A mãe de Bárbara lembra que a melhor maneira de mudar comportamentos é formar boas crianças. "É nessa idade que se aprende". Foi uma preocupação materna, aliás, a semente brasileira dessa metodologia de conscientização no trânsito. Rosane Frerichs, antes mesmo de imaginar que abriria a Teatros Promoções e Eventos, costumava ficar com o coração na mão ao ver os dois primeiros filhos, à época com três e quatro anos, irem de perua para a escola ou serem conduzidos por empregados da casa. "Para mim estava claro que todos eles eram imprudentes, despreparados" -- lembra. A inquietação com a segurança dos filhos permanecia quando Rosane já estava no escritório da Caixa Econômica Federal, onde trabalhava.
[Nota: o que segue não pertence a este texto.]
(* Let $K\in\mathcal{U}C_b^3(\mathbb{R}^d,\mathbb{R}^{d\times d})$ and define, for $\xi\in\mathcal{M}$, $B(\xi)=K\ast\xi$. Then $B$ maps $\mathcal{M}$ continuously into $C_b^2(\mathbb{R}^d,\mathbb{R}^d)$ (continuity with respect to the metric $d$ on $\mathcal{M}$), and there is a constant $C_B>0$ such that for all $\xi,\xi'\in\mathcal{M}$: (B1) $\|B(\xi)\|_{C_b^2}\le C_B(\|\xi\|+1)$; (B2) $\|B(\xi)-B(\xi')\|_\infty\le C_B\|\xi-\xi'\|$; (B3) $\|DB(\xi)-DB(\xi')\|_\infty\le C_B\|\xi-\xi'\|$, where $DB(\xi)$ denotes the spatial derivative of the vector field $B(\xi)$.
   Context: $C_b^k(\mathbb{R}^d,\mathbb{R}^m)$ is the space of $C^k$ functions bounded together with all derivatives up to order $k$ (with norm $\|\cdot\|_{C^k_b}$ the sum of the sup norms of these derivatives); $\mathcal{U}C_b^3(\mathbb{R}^d,\mathbb{R}^m)$ is the subset of $C_b^3$ of those $f$ with $f$, $Df$, $D^2f$ uniformly continuous. $\mathcal{M}$ is the dual space of $C_b(\mathbb{R}^d;\mathbb{R}^d)$ (bounded continuous vector fields with sup norm $\|\cdot\|_\infty$), with dual norm $|\xi|_{\mathcal{M}}=\sup_{\|\theta\|_\infty\le 1}|\xi(\theta)|$. The weak norm is $\|\xi\|=\sup\{\xi(\theta):\|\theta\|_\infty+\mathrm{Lip}(\theta)\le 1\}$, $\mathrm{Lip}(\theta)$ the Lipschitz constant, and $d(\xi,\xi')=\|\xi-\xi'\|$. For $\xi\in\mathcal{M}$ and continuous bounded $K:\mathbb{R}^d\to\mathbb{R}^{d\times d}$, $K\ast\xi$ is the vector field with components $(K\ast\xi)_i(x)=\xi(K_{i\cdot}(x-\cdot))$, where $K_{i\cdot}(z)=(K_{ij}(z))_{j=1,\dots,d}$. *)

theory Defs
  imports "HOL-Analysis.Analysis"
begin

text \<open>The space M: dual of the Banach space of bounded continuous vector fields on R^d.\<close>
type_synonym 'd meas = "((real^'d) \<Rightarrow>\<^sub>C (real^'d)) \<Rightarrow>\<^sub>L real"

definition weak_norm :: "'d::finite meas \<Rightarrow> real" where
  "weak_norm \<xi> = (SUP \<theta> \<in> {\<theta>. \<exists>L. lipschitz_on L UNIV (apply_bcontfun \<theta>) \<and> norm \<theta> + L \<le> 1}.
                     blinfun_apply \<xi> \<theta>)"

definition conv :: "(real^'d \<Rightarrow> real^'d^'d) \<Rightarrow> 'd::finite meas \<Rightarrow> real^'d \<Rightarrow> real^'d" where
  "conv K \<xi> x = (\<chi> i. blinfun_apply \<xi> (Bcontfun (\<lambda>z. K (x - z) $ i)))"

definition sup_norm :: "('a \<Rightarrow> 'b::real_normed_vector) \<Rightarrow> real" where
  "sup_norm f = (SUP x. norm (f x))"

definition Cb2_derivs :: "('a::euclidean_space \<Rightarrow> 'b::euclidean_space) \<Rightarrow> ('a \<Rightarrow> ('a \<Rightarrow>\<^sub>L 'b))
     \<Rightarrow> ('a \<Rightarrow> ('a \<Rightarrow>\<^sub>L ('a \<Rightarrow>\<^sub>L 'b))) \<Rightarrow> bool" where
  "Cb2_derivs f D1 D2 \<longleftrightarrow>
     (\<forall>x. (f has_derivative blinfun_apply (D1 x)) (at x)) \<and>
     (\<forall>x. (D1 has_derivative blinfun_apply (D2 x)) (at x)) \<and>
     continuous_on UNIV D2 \<and>
     bounded (range f) \<and> bounded (range D1) \<and> bounded (range D2)"

definition Cb2_norm :: "('a \<Rightarrow> 'b::real_normed_vector) \<Rightarrow> ('a \<Rightarrow> 'c::real_normed_vector)
     \<Rightarrow> ('a \<Rightarrow> 'e::real_normed_vector) \<Rightarrow> real" where
  "Cb2_norm f D1 D2 = sup_norm f + sup_norm D1 + sup_norm D2"

definition UCb3 :: "('a::euclidean_space \<Rightarrow> 'b::euclidean_space) \<Rightarrow> bool" where
  "UCb3 f \<longleftrightarrow> (\<exists>(D1::'a \<Rightarrow> ('a \<Rightarrow>\<^sub>L 'b)) (D2::'a \<Rightarrow> ('a \<Rightarrow>\<^sub>L ('a \<Rightarrow>\<^sub>L 'b)))
       (D3::'a \<Rightarrow> ('a \<Rightarrow>\<^sub>L ('a \<Rightarrow>\<^sub>L ('a \<Rightarrow>\<^sub>L 'b)))).
     (\<forall>x. (f has_derivative blinfun_apply (D1 x)) (at x)) \<and>
     (\<forall>x. (D1 has_derivative blinfun_apply (D2 x)) (at x)) \<and>
     (\<forall>x. (D2 has_derivative blinfun_apply (D3 x)) (at x)) \<and>
     continuous_on UNIV D3 \<and>
     bounded (range f) \<and> bounded (range D1) \<and> bounded (range D2) \<and> bounded (range D3) \<and>
     uniformly_continuous_on UNIV f \<and> uniformly_continuous_on UNIV D1 \<and>
     uniformly_continuous_on UNIV D2)"

end

theory Submission
  imports Defs
begin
Era a segunda metade dos anos 1980. "Decidi tentar fazer algo enquanto meus filhos estavam vivos" -- costuma dizer a baiana de Salvador, cidade em que ela acredita existir a maior proporção de maus motoristas no País. "Em geral, são despreocupados com as demais pessoas que estão na rua, só pensam neles mesmos" -- considera. Em lugar de despedir quem transportava seus filhos, Rosane Frerichs passou a estudar o trânsito brasileiro com a finalidade de descobrir meios de educar os motoristas. Alguns anos e muitas pesquisas depois, em 1988 ela conseguiu dar partida à sua proposta lúdica de educação para o trânsito, hoje adotada pelo CRT de São Bernardo. A empresa Teatros, que emprega dezenas de atores profissionais e educadores, presta assessoria para outras cidades e Estados brasileiros. 

A encenação teatral, parte fundamental na proposta do CRT, ganha também as ruas. Dependendo de qual campanha educativa está em curso, os atores desempenham vários papéis. Vestidos de anjos, por exemplo, ficam em faróis para dizer que o céu já está bastante povoado e não quer receber mais acidentados de trânsito. Durante o Carnaval, em trajes de foliões, pedem serenidade. Autora de livros e peças infantis sobre trânsito, Rosane Frerichs e a Teatros já receberam quatro prêmios concedidos pela empresa sueca Volvo, que promove diversas ações voltadas à segurança no trânsito, inclusive uma premiação anual há mais de duas décadas. 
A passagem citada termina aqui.